About this exercise: Write out, word for word, every line in the data below from the one containing "finally show ?case" to the one containing "ultimately obtain B", both of them included.

Saved entries:
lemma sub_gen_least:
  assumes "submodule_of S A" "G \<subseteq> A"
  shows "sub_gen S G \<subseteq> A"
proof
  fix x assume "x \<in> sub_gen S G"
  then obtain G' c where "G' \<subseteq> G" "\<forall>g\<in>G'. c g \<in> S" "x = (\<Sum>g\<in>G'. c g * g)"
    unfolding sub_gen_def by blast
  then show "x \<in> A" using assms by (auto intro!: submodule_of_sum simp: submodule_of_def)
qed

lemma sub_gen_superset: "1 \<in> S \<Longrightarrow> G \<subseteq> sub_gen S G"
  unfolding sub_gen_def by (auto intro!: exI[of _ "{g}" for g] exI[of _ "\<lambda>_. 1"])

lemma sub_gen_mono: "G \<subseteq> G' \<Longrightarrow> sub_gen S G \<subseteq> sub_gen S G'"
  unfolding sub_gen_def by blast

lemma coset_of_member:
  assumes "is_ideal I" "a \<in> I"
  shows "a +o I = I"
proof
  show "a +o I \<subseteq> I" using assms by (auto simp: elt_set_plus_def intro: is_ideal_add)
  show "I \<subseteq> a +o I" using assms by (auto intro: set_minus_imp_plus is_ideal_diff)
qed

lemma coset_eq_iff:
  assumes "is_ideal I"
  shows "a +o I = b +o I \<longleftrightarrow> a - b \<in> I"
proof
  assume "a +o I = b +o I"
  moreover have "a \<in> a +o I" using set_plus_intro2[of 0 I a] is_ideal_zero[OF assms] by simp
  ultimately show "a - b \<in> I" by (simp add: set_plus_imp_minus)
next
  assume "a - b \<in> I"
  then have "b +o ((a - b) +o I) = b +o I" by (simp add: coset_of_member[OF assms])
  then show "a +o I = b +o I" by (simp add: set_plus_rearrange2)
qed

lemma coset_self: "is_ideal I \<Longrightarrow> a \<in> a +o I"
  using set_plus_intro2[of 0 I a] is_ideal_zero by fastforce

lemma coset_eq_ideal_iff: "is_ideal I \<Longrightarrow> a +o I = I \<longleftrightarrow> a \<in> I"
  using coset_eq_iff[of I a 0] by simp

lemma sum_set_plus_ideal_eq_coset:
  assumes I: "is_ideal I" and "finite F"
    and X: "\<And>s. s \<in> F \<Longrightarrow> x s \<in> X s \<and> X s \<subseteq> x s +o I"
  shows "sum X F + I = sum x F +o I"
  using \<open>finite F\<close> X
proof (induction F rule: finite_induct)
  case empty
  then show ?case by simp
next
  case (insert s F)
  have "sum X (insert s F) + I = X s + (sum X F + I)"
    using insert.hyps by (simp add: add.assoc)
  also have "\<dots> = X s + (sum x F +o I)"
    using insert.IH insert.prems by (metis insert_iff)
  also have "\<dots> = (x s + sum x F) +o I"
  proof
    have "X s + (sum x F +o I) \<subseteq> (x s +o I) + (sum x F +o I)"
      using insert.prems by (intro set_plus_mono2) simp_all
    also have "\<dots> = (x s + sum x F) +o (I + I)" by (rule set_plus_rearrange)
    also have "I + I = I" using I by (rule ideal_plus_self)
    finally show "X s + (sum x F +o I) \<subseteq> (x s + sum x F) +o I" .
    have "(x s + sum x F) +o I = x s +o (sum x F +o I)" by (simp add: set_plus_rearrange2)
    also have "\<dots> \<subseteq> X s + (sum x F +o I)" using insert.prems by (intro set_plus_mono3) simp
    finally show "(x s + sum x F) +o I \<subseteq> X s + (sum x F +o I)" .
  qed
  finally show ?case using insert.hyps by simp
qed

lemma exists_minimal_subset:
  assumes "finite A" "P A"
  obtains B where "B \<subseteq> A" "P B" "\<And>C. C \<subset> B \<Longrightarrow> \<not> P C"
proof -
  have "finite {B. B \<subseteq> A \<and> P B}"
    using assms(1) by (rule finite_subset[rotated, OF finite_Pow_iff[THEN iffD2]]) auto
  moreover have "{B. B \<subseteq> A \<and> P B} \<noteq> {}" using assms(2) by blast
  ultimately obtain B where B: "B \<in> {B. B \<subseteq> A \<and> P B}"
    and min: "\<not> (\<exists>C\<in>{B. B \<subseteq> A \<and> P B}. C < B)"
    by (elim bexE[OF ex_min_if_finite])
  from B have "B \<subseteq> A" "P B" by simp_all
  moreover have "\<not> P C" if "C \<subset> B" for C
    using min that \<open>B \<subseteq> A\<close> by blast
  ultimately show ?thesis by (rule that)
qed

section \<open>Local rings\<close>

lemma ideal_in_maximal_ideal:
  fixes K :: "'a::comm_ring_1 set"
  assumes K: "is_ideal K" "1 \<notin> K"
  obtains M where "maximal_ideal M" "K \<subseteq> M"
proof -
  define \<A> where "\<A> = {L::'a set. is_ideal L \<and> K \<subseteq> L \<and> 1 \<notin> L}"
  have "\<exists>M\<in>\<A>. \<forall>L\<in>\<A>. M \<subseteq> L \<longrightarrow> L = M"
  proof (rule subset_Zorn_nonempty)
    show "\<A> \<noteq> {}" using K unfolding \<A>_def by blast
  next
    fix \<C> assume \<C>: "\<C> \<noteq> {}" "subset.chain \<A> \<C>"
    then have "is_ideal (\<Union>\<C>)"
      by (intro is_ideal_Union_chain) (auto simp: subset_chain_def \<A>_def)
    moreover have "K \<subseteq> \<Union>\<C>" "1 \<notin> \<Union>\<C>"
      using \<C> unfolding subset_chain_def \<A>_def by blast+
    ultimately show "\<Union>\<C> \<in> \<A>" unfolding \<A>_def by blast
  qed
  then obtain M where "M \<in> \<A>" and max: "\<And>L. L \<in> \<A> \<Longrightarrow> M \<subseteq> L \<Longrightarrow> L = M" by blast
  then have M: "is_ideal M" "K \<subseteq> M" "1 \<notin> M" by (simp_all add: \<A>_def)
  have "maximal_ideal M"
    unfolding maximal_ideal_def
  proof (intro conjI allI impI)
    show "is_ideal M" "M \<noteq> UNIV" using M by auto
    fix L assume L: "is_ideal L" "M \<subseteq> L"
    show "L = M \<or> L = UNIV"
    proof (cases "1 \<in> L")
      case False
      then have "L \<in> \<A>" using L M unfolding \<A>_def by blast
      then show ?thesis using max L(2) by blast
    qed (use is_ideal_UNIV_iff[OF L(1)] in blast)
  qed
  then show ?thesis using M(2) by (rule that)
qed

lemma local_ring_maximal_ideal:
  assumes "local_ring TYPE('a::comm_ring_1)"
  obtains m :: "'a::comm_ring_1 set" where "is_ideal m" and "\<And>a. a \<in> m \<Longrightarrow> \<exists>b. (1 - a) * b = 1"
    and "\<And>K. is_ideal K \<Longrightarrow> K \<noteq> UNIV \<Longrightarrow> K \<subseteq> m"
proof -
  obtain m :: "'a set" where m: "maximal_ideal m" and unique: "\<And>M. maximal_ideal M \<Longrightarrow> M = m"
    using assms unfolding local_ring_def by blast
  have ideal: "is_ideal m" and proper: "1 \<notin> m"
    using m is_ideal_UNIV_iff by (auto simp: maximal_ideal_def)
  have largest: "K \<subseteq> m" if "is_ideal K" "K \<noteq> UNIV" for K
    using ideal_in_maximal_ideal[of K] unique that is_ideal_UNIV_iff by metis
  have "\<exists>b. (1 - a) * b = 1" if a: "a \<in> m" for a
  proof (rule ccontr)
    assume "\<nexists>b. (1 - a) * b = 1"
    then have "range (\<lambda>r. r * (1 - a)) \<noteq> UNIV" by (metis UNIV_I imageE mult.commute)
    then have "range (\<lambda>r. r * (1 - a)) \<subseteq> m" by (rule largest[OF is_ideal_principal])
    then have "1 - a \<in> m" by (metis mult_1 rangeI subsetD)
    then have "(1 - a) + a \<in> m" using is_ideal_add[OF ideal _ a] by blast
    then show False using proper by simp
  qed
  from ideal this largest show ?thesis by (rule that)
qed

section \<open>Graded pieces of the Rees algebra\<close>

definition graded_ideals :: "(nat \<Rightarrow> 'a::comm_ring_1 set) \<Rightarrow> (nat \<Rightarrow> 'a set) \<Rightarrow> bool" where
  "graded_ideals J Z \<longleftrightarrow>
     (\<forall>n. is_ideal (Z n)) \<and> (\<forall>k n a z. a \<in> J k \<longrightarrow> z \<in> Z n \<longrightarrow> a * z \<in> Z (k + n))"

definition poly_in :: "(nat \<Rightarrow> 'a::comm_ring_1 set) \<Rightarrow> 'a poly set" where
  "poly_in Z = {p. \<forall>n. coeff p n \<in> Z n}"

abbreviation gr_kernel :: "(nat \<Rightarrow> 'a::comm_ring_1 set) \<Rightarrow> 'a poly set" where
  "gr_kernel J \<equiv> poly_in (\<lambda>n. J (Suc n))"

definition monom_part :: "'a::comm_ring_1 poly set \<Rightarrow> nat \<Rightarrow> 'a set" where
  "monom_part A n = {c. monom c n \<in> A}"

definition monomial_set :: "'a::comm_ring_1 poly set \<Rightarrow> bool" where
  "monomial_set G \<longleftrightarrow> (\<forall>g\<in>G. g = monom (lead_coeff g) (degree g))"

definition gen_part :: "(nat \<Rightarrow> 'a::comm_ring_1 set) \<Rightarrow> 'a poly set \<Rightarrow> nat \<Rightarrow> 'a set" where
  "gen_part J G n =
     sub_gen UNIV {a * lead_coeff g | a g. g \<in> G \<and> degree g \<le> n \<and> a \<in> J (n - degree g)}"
* * *
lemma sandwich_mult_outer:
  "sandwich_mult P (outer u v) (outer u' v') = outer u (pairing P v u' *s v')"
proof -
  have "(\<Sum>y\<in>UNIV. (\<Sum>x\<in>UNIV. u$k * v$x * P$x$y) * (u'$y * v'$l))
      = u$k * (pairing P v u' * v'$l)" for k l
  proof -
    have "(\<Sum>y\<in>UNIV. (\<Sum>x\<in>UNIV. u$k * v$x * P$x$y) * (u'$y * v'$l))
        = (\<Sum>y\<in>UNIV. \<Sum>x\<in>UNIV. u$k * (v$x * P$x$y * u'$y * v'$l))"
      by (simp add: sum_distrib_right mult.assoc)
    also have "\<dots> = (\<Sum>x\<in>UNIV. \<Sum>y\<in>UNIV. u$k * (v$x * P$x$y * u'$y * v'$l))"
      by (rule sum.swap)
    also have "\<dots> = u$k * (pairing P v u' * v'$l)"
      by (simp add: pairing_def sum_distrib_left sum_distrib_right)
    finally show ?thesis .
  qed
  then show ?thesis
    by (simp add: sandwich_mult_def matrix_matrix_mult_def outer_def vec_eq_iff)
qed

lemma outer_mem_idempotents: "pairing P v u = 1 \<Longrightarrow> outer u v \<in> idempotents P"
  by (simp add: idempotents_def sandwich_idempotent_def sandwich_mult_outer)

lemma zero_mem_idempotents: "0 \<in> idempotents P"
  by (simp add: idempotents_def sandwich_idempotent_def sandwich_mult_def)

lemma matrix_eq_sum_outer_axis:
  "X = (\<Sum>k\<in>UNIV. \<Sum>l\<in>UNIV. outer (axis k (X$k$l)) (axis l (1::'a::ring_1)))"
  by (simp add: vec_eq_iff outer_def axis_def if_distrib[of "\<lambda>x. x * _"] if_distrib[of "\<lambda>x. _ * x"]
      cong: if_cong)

Solution for this task:
  finally show ?case using insert.hyps by simp
qed

lemma exists_minimal_subset:
  assumes "finite A" "P A"
  obtains B where "B \<subseteq> A" "P B" "\<And>C. C \<subset> B \<Longrightarrow> \<not> P C"
proof -
  have "finite {B. B \<subseteq> A \<and> P B}"
    using assms(1) by (rule finite_subset[rotated, OF finite_Pow_iff[THEN iffD2]]) auto
  moreover have "{B. B \<subseteq> A \<and> P B} \<noteq> {}" using assms(2) by blast
  ultimately obtain B where B: "B \<in> {B. B \<subseteq> A \<and> P B}"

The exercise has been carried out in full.